Overview of Microsoft HPC Pack and SOA in Failover Clusters
Updated: August 6, 2014
Applies To: Microsoft HPC Pack 2012, Microsoft HPC Pack 2012 R2
This guide describes how you can configure the HPC Pack head node in a failover cluster and then configure Windows Communication Foundation (WCF) broker nodes in separate failover clusters. This topic provides an overview of the configuration for failover clusters within a single site or data center. For a detailed list of requirements, see Requirements for HPC Pack in Failover Clusters.
In this section
If you want to provide high availability in an HPC cluster that uses applications based on service-oriented architecture (SOA), you can configure your head node in a failover cluster and then configure WCF broker nodes in separate failover clusters. The failover clusters contain servers that work together, so if one server in a failover cluster fails, another server in that cluster automatically begins providing service (in a process known as failover).

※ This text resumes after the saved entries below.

lemma abs_det_stretch_orthogonal:
  assumes "orthogonal_transformation (Q :: real^'n::finite \<Rightarrow> real^'n)"
  shows "\<bar>det (matrix (stretch k \<alpha> \<beta> \<circ> Q))\<bar> = \<bar>\<alpha>\<bar> * \<bar>\<beta>\<bar> ^ (CARD('n) - 1)"
proof -
  have "\<bar>det (matrix Q)\<bar> = 1"
    using assms det_orthogonal_matrix orthogonal_transformation_matrix by fastforce
  then show ?thesis
    using assms by (simp add: matrix_compose linear_stretch orthogonal_transformation_linear
        det_mul det_stretch abs_mult power_abs)
qed

lemma measure_ball_slab_le_wellorder:
  fixes e :: "real^'n::{finite,wellorder}"
  assumes e: "norm e = 1" and h: "h > 0" and card: "CARD('n) \<ge> 2"
  shows "measure lebesgue (ball 0 1 \<inter> {x. \<bar>e \<bullet> x\<bar> \<le> h})
           \<le> h * CARD('n) * measure lebesgue (ball (0::real^'n::{finite,wellorder}) 1)"
proof -
  define m where "m = card (UNIV :: 'n set)"
  define \<alpha> where "\<alpha> = 1 / (h * sqrt m)"
  define \<beta> where "\<beta> = sqrt (1 - 1 / m)"
  define A where "A = ball (0::real^'n::{finite,wellorder}) 1 \<inter> {x. \<bar>e \<bullet> x\<bar> \<le> h}"
  have m: "real m \<ge> 2"
    using card by (simp add: m_def)
  obtain k :: 'n where True by simp
  obtain Q where Q: "orthogonal_transformation Q" and Qe: "Q e = axis k (1::real)"
    using orthogonal_transformation_exists_1[of e "axis k 1"] e by auto
  define L where "L = stretch k \<alpha> \<beta> \<circ> Q"
  have "linear L"
    unfolding L_def by (intro linear_compose[OF orthogonal_transformation_linear[OF Q] linear_stretch])
  have A: "A \<in> lmeasurable"
    by (rule fmeasurableI2[where A="ball 0 1"]) (auto simp: A_def)
  have "\<alpha>^2 * h^2 + \<beta>^2 = 1" and "\<beta> \<noteq> 0"
    using h m by (simp_all add: \<alpha>_def \<beta>_def power_divide power_mult_distrib)
  then have "L ` A \<subseteq> ball 0 1"
    unfolding L_def A_def using Q Qe by (intro stretch_orthogonal_image_slab_subset_ball) auto
  then have "measure lebesgue (L ` A) \<le> measure lebesgue (ball (0::real^'n::{finite,wellorder}) 1)"
    using measurable_linear_image[OF \<open>linear L\<close> A] by (intro measure_mono_fmeasurable) auto
  moreover have "measure lebesgue (L ` A) = \<alpha> * \<beta> ^ (m - 1) * measure lebesgue A"
    using measure_linear_image[OF \<open>linear L\<close> A] abs_det_stretch_orthogonal[OF Q, of k \<alpha> \<beta>] h
    by (simp add: L_def m_def \<alpha>_def \<beta>_def)
  moreover have "\<alpha> * \<beta> ^ (m - 1) \<ge> 1 / (h * m)"
  proof -
    have "\<alpha> * \<beta> ^ (m - 1) \<ge> \<alpha> * (1 / sqrt m)"
      using sqrt_one_minus_inverse_power_ge[of m] h m by (intro mult_left_mono) (auto simp: \<alpha>_def \<beta>_def)
    moreover have "\<alpha> * (1 / sqrt m) = 1 / (h * m)"
      using m by (simp add: \<alpha>_def)
    ultimately show ?thesis by simp
  qed
  then have "1 / (h * m) * measure lebesgue A \<le> \<alpha> * \<beta> ^ (m - 1) * measure lebesgue A"
    by (rule mult_right_mono) simp
  ultimately have "1 / (h * m) * measure lebesgue A \<le> measure lebesgue (ball (0::real^'n::{finite,wellorder}) 1)"
    by linarith
  then show ?thesis
    using h m by (simp add: A_def m_def field_simps)
qed

lemma measure_ball_slab_le:
  fixes a :: "real^'n::finite"
  assumes a: "a \<noteq> 0" and s: "s > 0" and card: "CARD('n) \<ge> 2"
  shows "measure lborel (ball 0 1 \<inter> {x. \<bar>a \<bullet> x\<bar> \<le> s})
           \<le> s / norm a * CARD('n) * measure lborel (ball (0::real^'n) 1)"
proof -
  define e :: "real^'n wo" where "e = unrelabel a /\<^sub>R norm a"
  define h where "h = s / norm a"
  have "norm (unrelabel a) = norm a"
    using norm_relabel[of "unrelabel a"] by simp
  then have e: "norm e = 1"
    using a by (simp add: e_def)
  have h: "h > 0"
    using a s by (simp add: h_def)
  have preimage: "relabel -` (ball 0 1 \<inter> {x. \<bar>a \<bullet> x\<bar> \<le> s}) = ball 0 1 \<inter> {y. \<bar>e \<bullet> y\<bar> \<le> h}"
  proof -
    have "e \<bullet> y = (a \<bullet> relabel y) / norm a" for y
      by (simp add: e_def inner_relabel divide_inverse mult.commute)
    then show ?thesis
      using a by (auto simp: h_def abs_divide divide_le_cancel)
  qed
  have "measure lborel (ball 0 1 \<inter> {x. \<bar>a \<bullet> x\<bar> \<le> s})
      = measure lborel (ball 0 1 \<inter> {y. \<bar>e \<bullet> y\<bar> \<le> h})"
    unfolding preimage[symmetric] by (rule measure_relabel_preimage[symmetric]) measurable
  also have "\<dots> = measure lebesgue (ball 0 1 \<inter> {y. \<bar>e \<bullet> y\<bar> \<le> h})"
    by (rule measure_completion[symmetric]) measurable
  also have "\<dots> \<le> h * CARD('n wo) * measure lebesgue (ball (0::real^'n wo) 1)"
    using measure_ball_slab_le_wellorder[OF e h] card by (simp add: card_wo)
  also have "measure lebesgue (ball (0::real^'n wo) 1) = measure lborel (ball (0::real^'n) 1)"
  proof -
    have "relabel -` ball 0 1 = (ball 0 1 :: (real^'n wo) set)"
      by auto
    with measure_relabel_preimage[of "ball (0::real^'n) 1"] show ?thesis
      by simp
  qed
  finally show ?thesis
    by (simp add: h_def card_wo)
qed

lemma measure_unif_sphere:
  fixes E :: "(real^'n::finite) set"
  assumes "E \<in> sets borel"
  shows "measure (unif_sphere R) E
    = measure lborel (ball 0 1 \<inter> (\<lambda>x. R *\<^sub>R (x /\<^sub>R norm x)) -` E) / measure lborel (ball (0::real^'n) 1)"
proof -
  let ?f = "\<lambda>x::real^'n. R *\<^sub>R (x /\<^sub>R norm x)"
  have f: "?f \<in> borel_measurable borel"
    by measurable
  have "?f -` E \<in> sets borel"
    by (rule measurable_sets_borel[OF f assms])
  have "measure (unif_sphere R) E = measure (uniform_measure lborel (ball 0 1)) (?f -` E)"
    using assms f by (simp add: unif_sphere_def measure_distr)
  also have "\<dots> = measure lborel (ball 0 1 \<inter> ?f -` E) / measure lborel (ball (0::real^'n) 1)"
    using \<open>?f -` E \<in> sets borel\<close> content_ball_pos[of 1 "0::real^'n"] emeasure_lborel_ball_finite[of "0::real^'n" 1]
    by (intro measure_uniform_measure) (auto simp: emeasure_eq_ennreal_measure)
  finally show ?thesis .
qed

lemma measure_unif_sphere_le_slab:
  fixes E :: "(real^'n::finite) set"
  assumes "E \<in> sets borel" and "\<And>x. x \<in> ball 0 1 \<Longrightarrow> R *\<^sub>R (x /\<^sub>R norm x) \<in> E \<Longrightarrow> \<bar>a \<bullet> x\<bar> \<le> s"
  shows "measure (unif_sphere R) E
    \<le> measure lborel (ball 0 1 \<inter> {x. \<bar>a \<bullet> x\<bar> \<le> s}) / measure lborel (ball (0::real^'n) 1)"
proof -
  have "(\<lambda>x::real^'n. R *\<^sub>R (x /\<^sub>R norm x)) -` E \<in> sets borel"
    by (rule measurable_sets_borel[OF _ assms(1)]) measurable
  moreover have "ball (0::real^'n) 1 \<in> fmeasurable lborel"
    using emeasure_lborel_ball_finite[of "0::real^'n" 1] unfolding fmeasurable_def by simp
  moreover have "ball 0 1 \<inter> {x. \<bar>a \<bullet> x\<bar> \<le> s} \<in> sets lborel"
    by measurable
  ultimately show ?thesis
    unfolding measure_unif_sphere[OF assms(1)] using assms(2)
    by (intro divide_right_mono measure_mono_fmeasurable) (auto intro: fmeasurableI2)
qed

The word “cluster” can refer to a head node with compute nodes and WCF broker nodes running HPC Pack, or to a set of servers running Windows Server that are using the Failover Clustering feature. The word “node” can refer to one of the computers in the HPC Pack cluster, or to one of the servers in a failover cluster. In this guide, servers in the context of a failover cluster are usually referred to as “servers,” to distinguish failover cluster nodes from an HPC cluster node. Also, the word “cluster” is placed in an appropriate phrase to distinguish which type of cluster is being referred to.
Each of the servers in a failover cluster must have access to the failover cluster storage. Figure 1 shows the failover of head node services that can run on either of two servers in a failover cluster. (Starting in HPC Pack 2012, HPC Pack supports a larger number of servers in the failover cluster.)
Figure 1 Failover of head node services in HPC cluster
To provide high availability in an HPC cluster that uses applications based on service-oriented architecture (SOA), you configure the head node in a failover cluster and you also configure one or more additional failover clusters. To support the head node, you must also configure SQL Server, either as a SQL Server failover cluster (for higher availability) or as a standalone SQL Server. You must configure failover WCF broker nodes in separate failover clusters. Figure 2 shows a configuration that includes three failover clusters: one failover cluster runs SQL Server (to support the head node), one failover cluster runs the head node, and one failover cluster runs WCF broker nodes. In Figure 2, two of the failover clusters have two nodes each, but the failover cluster that runs WCF broker nodes contains three nodes, two active and one passive (a passive node is inactive, but it is ready to provide service if needed).
Figure 2 Failover clusters supporting head node, SQL Server, and WCF broker nodes
In Figure 2, the failover cluster storage for the head node includes one disk (LUN) for a clustered file server and one disk as a disk witness. A resource such as a disk witness is generally needed for a failover cluster that has an even number of nodes (the head node failover cluster in this example has two). For the WCF broker nodes, the failover cluster storage is needed because these nodes use Microsoft Message Queuing (also known as MSMQ). One instance of Message Queuing runs on each active WCF broker node, and each instance requires a disk in storage, so the failover cluster for the WCF broker nodes requires two disks in storage. That failover cluster has an odd number of nodes; therefore, it does not include a disk witness in the storage.
For clarity, Figure 2 shows a limited number of servers. Figure 3 shows more servers. As shown in Figure 3, in addition to having a failover cluster for the head node in your HPC cluster and a SQL Server that supports the head node, you can have multiple failover clusters for WCF broker nodes. In the same HPC cluster, you can also have individual WCF broker nodes, if those nodes serve only broker sessions that do not provide durable messages.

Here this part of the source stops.